__ABOUT THIS TASK__.
Copy verbatim the block of lines in the entries below whose first line contains "kernel_family_def orthonormal_family_def \<sigma>_def[symmetric]" and whose last line contains "a n S \<le>". Leave out all other lines.

[Opening EXTRACTED ENTRIES section]

lemma orthonormal_family_norm:
  "orthonormal_family n K Z \<Longrightarrow> r < K \<Longrightarrow> (\<Sum>i<n. (cmod (Z r i))\<^sup>2) = 1"
  unfolding orthonormal_family_def using fin_inner_self[of n "Z r" ] by (metis of_real_eq_1_iff)

lemma orthonormal_family_le:
  assumes Z: "orthonormal_family n K Z"
  shows "K \<le> n"
proof -
  have column: "(\<Sum>r<K. (cmod (Z r i))\<^sup>2) \<le> 1" if i: "i < n" for i
  proof -
    define e where "e = (\<lambda>i'. if i' = i then (1::complex) else 0)"
    have "fin_inner n e (Z r) = (\<Sum>i'<n. if i' = i then cnj (Z r i) else 0)" for r
      unfolding fin_inner_def by (rule sum.cong) (auto simp: e_def)
    then have "fin_inner n e (Z r) = cnj (Z r i)" for r using i by simp
    moreover have "(\<Sum>i'<n. (cmod (e i'))\<^sup>2) = (\<Sum>i'<n. if i' = i then 1 else 0)"
      by (rule sum.cong) (auto simp: e_def)
    ultimately show ?thesis using bessel_inequality[OF Z, of e] i by simp
  qed
  have "real K = (\<Sum>r<K. \<Sum>i<n. (cmod (Z r i))\<^sup>2)"
    using orthonormal_family_norm[OF Z] by simp
  also have "\<dots> = (\<Sum>i<n. \<Sum>r<K. (cmod (Z r i))\<^sup>2)" by (rule sum.swap)
  also have "\<dots> \<le> real n" using sum_mono[of "{..<n}", OF column] by simp
  finally show ?thesis by simp
qed

lemma kernel_family_extend:
  assumes Z: "kernel_family a n S K Z"
    and v_ker: "\<forall>j\<in>S. row_apply a n j v = 0" and v_orth: "\<forall>r<K. fin_inner n v (Z r) = 0"
    and v_pos: "0 < (\<Sum>i<n. (cmod (v i))\<^sup>2)"
  shows "\<exists>Z'. kernel_family a n S (Suc K) Z'"
proof -
  define \<sigma> where "\<sigma> = complex_of_real (sqrt (\<Sum>i<n. (cmod (v i))\<^sup>2))"
  define Z' where "Z' = Z(K := (\<lambda>i. v i / \<sigma>))"
  have new_orth: "fin_inner n (\<lambda>i. v i / \<sigma>) (Z r) = 0" if "r < K" for r
    using fin_inner_scale_left[of n "1 / \<sigma>" v "Z r"] v_orth that by simp
  have "orthonormal_family n (Suc K) Z'"
    unfolding orthonormal_family_def Z'_def
    using Z fin_inner_normalized[OF v_pos] new_orth fin_inner_commute[of n "Z _" "\<lambda>i. v i / \<sigma>"]
    unfolding kernel_family_def orthonormal_family_def \<sigma>_def[symmetric]
    by (auto simp: less_Suc_eq)
  moreover have "row_apply a n j (\<lambda>i. v i / \<sigma>) = 0" if "j \<in> S" for j
    using row_apply_scale[of a n j "1 / \<sigma>" v] v_ker that by simp
  ultimately have "kernel_family a n S (Suc K) Z'"
    using Z unfolding kernel_family_def by (auto simp: Z'_def less_Suc_eq)
  then show ?thesis by blast
qed

lemma kernel_dim_family: "\<exists>Z. kernel_family a n S (kernel_dim a n S) Z"
  and kernel_dim_maximal: "kernel_family a n S K Z \<Longrightarrow> K \<le> kernel_dim a n S"
proof -
  have zero: "\<exists>Z. kernel_family a n S 0 Z"
    by (simp add: kernel_family_def orthonormal_family_def)
  have bound: "\<And>K. (\<exists>Z. kernel_family a n S K Z) \<Longrightarrow> K \<le> n"
    using orthonormal_family_le by (auto simp: kernel_family_def)
  show "\<exists>Z. kernel_family a n S (kernel_dim a n S) Z"
    unfolding kernel_dim_def
    by (rule GreatestI_nat[where P = "\<lambda>K. \<exists>Z. kernel_family a n S K Z", OF zero bound])
  show "kernel_family a n S K Z \<Longrightarrow> K \<le> kernel_dim a n S"
    unfolding kernel_dim_def by (rule Greatest_le_nat[OF _ bound]) blast
qed

lemma kernel_dim_le: "kernel_dim a n S \<le> n"
  using kernel_dim_family[of a n S] orthonormal_family_le by (auto simp: kernel_family_def)

lemma kernel_family_mono:
  "kernel_family a n S K Z \<Longrightarrow> S' \<subseteq> S \<Longrightarrow> K' \<le> K \<Longrightarrow> kernel_family a n S' K' Z"
  unfolding kernel_family_def orthonormal_family_def by auto

lemma kernel_dim_antimono: "S \<subseteq> S' \<Longrightarrow> kernel_dim a n S' \<le> kernel_dim a n S"
  using kernel_dim_family[of a n S'] kernel_family_mono kernel_dim_maximal by blast

lemma kernel_dim_eq_0_imp:
  assumes "kernel_dim a n S = 0" and z: "\<forall>j\<in>S. row_apply a n j z = 0" and i: "i < n"
  shows "z i = 0"
proof (rule ccontr)
  assume "z i \<noteq> 0"
  then have "0 < (\<Sum>i<n. (cmod (z i))\<^sup>2)"
    using i by (intro sum_pos2[of _ i]) auto
  then obtain Z where "kernel_family a n S 1 Z"
    using kernel_family_extend[of a n S 0 undefined z] z
    by (auto simp: kernel_family_def orthonormal_family_def)
  then show False using kernel_dim_maximal assms(1) by fastforce
qed

lemma kernel_family_spans:
  assumes Z: "kernel_family a n S (kernel_dim a n S) Z"
    and u: "\<forall>j\<in>S. row_apply a n j u = 0" and i: "i < n"
  shows "u i = (\<Sum>r<kernel_dim a n S. fin_inner n u (Z r) * Z r i)"
proof -
  let ?K = "kernel_dim a n S"
  define v where "v = (\<lambda>i. u i - (\<Sum>r<?K. fin_inner n u (Z r) * Z r i))"
  have v_ker: "\<forall>j\<in>S. row_apply a n j v = 0"
    using u Z unfolding v_def kernel_family_def by (simp add: row_apply_diff row_apply_lincomb)
  have v_orth: "\<forall>r<?K. fin_inner n v (Z r) = 0"
  proof (intro allI impI)
    fix r assume r: "r < ?K"
    have "(\<Sum>r'<?K. fin_inner n u (Z r') * fin_inner n (Z r') (Z r))
            = (\<Sum>r'<?K. if r' = r then fin_inner n u (Z r) else 0)"
      using Z r unfolding kernel_family_def orthonormal_family_def by (intro sum.cong) auto
    then show "fin_inner n v (Z r) = 0"
      using r unfolding v_def fin_inner_diff_left fin_inner_lincomb_left by simp
  qed
  have "\<not> 0 < (\<Sum>i<n. (cmod (v i))\<^sup>2)"
    using kernel_family_extend[OF Z v_ker v_orth] kernel_dim_maximal by fastforce
  moreover have "0 \<le> (\<Sum>i<n. (cmod (v i))\<^sup>2)" by (simp add: sum_nonneg)
  ultimately have "(\<Sum>i<n. (cmod (v i))\<^sup>2) = 0" by linarith
  then have "v i = 0" using i sum_nonneg_eq_0_iff[of "{..<n}" "\<lambda>i. (cmod (v i))\<^sup>2"] by simp
  then show ?thesis by (simp add: v_def)
qed

lemma kernel_dim_insert_less:
  assumes Z: "kernel_family a n S (kernel_dim a n S) Z"
    and j: "\<exists>r < kernel_dim a n S. row_apply a n j (Z r) \<noteq> 0"
  shows "kernel_dim a n (insert j S) < kernel_dim a n S"
proof (rule ccontr)
  let ?K = "kernel_dim a n S"
  assume "\<not> kernel_dim a n (insert j S) < ?K"
  then obtain Y where Y: "kernel_family a n (insert j S) ?K Y"
    using kernel_dim_family[of a n "insert j S"] kernel_family_mono[of a n "insert j S"]
    by (meson not_less order_refl)
  then have YS: "kernel_family a n S ?K Y" by (simp add: kernel_family_def)
  obtain r where r: "r < ?K" "row_apply a n j (Z r) \<noteq> 0" using j by blast
  have "\<forall>j'\<in>S. row_apply a n j' (Z r) = 0" using Z r(1) by (simp add: kernel_family_def)
  then have "row_apply a n j (Z r) = row_apply a n j (\<lambda>i. \<Sum>s<?K. fin_inner n (Z r) (Y s) * Y s i)"
    using kernel_family_spans[OF YS] by (intro row_apply_cong) simp
  also have "\<dots> = 0"
    using Y unfolding row_apply_lincomb kernel_family_def by simp
  finally show False using r(2) by simp
qed

lemma kernel_dim_insert_le:
  assumes Z: "kernel_family a n S (kernel_dim a n S) Z"
  shows "kernel_dim a n (insert j S) + (if \<exists>r<kernel_dim a n S. row_apply a n j (Z r) \<noteq> 0 then 1 else 0)
           \<le> kernel_dim a n S"
  using kernel_dim_insert_less[OF Z, of j] kernel_dim_antimono[OF subset_insertI[of S j], of a n]
  by (cases "\<exists>r<kernel_dim a n S. row_apply a n j (Z r) \<noteq> 0") auto

section \<open>Sampling rows with leverage-score probabilities\<close>

lemma nn_integral_embed_pmf_nat:
  fixes p :: "nat \<Rightarrow> real"
  assumes p_nonneg: "\<And>j. 0 \<le> p j" and p_sums: "p sums 1"
  shows "(\<integral>\<^sup>+j. f j \<partial>measure_pmf (embed_pmf p)) = (\<Sum>j. ennreal (p j) * f j)"
proof -
  have "(\<integral>\<^sup>+j. ennreal (p j) \<partial>count_space UNIV) = (\<Sum>j. ennreal (p j))"
    by (rule nn_integral_count_space_nat)
  also have "\<dots> = 1" using suminf_ennreal_eq[OF p_nonneg p_sums] by simp
  finally have "pmf (embed_pmf p) j = p j" for j
    using pmf_embed_pmf[of p j] p_nonneg by blast
  then show ?thesis
    by (simp add: nn_integral_measure_pmf nn_integral_count_space_nat)
qed

lemma one_minus_power_le:
  fixes x \<delta> :: real
  assumes x: "0 < x" "x \<le> 1" and ln_le: "ln (2 * real n / \<delta>) \<le> x * real m"
    and n: "1 \<le> n" and \<delta>: "0 < \<delta>"
  shows "real n * (1 - x) ^ m \<le> \<delta>"
proof -
  have "(1 - x) ^ m \<le> exp (- x) ^ m"
    using exp_ge_add_one_self[of "-x"] x by (intro power_mono) auto
  also have "\<dots> = exp (- (x * real m))" by (simp add: exp_of_nat_mult[symmetric] ac_simps)
  also have "\<dots> \<le> exp (- ln (2 * real n / \<delta>))" using ln_le by simp
  also have "\<dots> = \<delta> / (2 * real n)" using n \<delta> by (simp add: exp_minus ln_div exp_diff)
  finally have "real n * (1 - x) ^ m \<le> real n * (\<delta> / (2 * real n))"
    using n by (intro mult_left_mono) auto
  also have "\<dots> = \<delta> / 2" using n by simp
  finally show ?thesis using \<delta> by simp
qed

[Closing EXTRACTED ENTRIES section]

__ANSWER BELOW__.
    unfolding kernel_family_def orthonormal_family_def \<sigma>_def[symmetric]
    by (auto simp: less_Suc_eq)
  moreover have "row_apply a n j (\<lambda>i. v i / \<sigma>) = 0" if "j \<in> S" for j
    using row_apply_scale[of a n j "1 / \<sigma>" v] v_ker that by simp
  ultimately have "kernel_family a n S (Suc K) Z'"
    using Z unfolding kernel_family_def by (auto simp: Z'_def less_Suc_eq)
  then show ?thesis by blast
qed

lemma kernel_dim_family: "\<exists>Z. kernel_family a n S (kernel_dim a n S) Z"
  and kernel_dim_maximal: "kernel_family a n S K Z \<Longrightarrow> K \<le> kernel_dim a n S"
proof -
  have zero: "\<exists>Z. kernel_family a n S 0 Z"
    by (simp add: kernel_family_def orthonormal_family_def)
  have bound: "\<And>K. (\<exists>Z. kernel_family a n S K Z) \<Longrightarrow> K \<le> n"
    using orthonormal_family_le by (auto simp: kernel_family_def)
  show "\<exists>Z. kernel_family a n S (kernel_dim a n S) Z"
    unfolding kernel_dim_def
    by (rule GreatestI_nat[where P = "\<lambda>K. \<exists>Z. kernel_family a n S K Z", OF zero bound])
  show "kernel_family a n S K Z \<Longrightarrow> K \<le> kernel_dim a n S"
    unfolding kernel_dim_def by (rule Greatest_le_nat[OF _ bound]) blast
qed

lemma kernel_dim_le: "kernel_dim a n S \<le> n"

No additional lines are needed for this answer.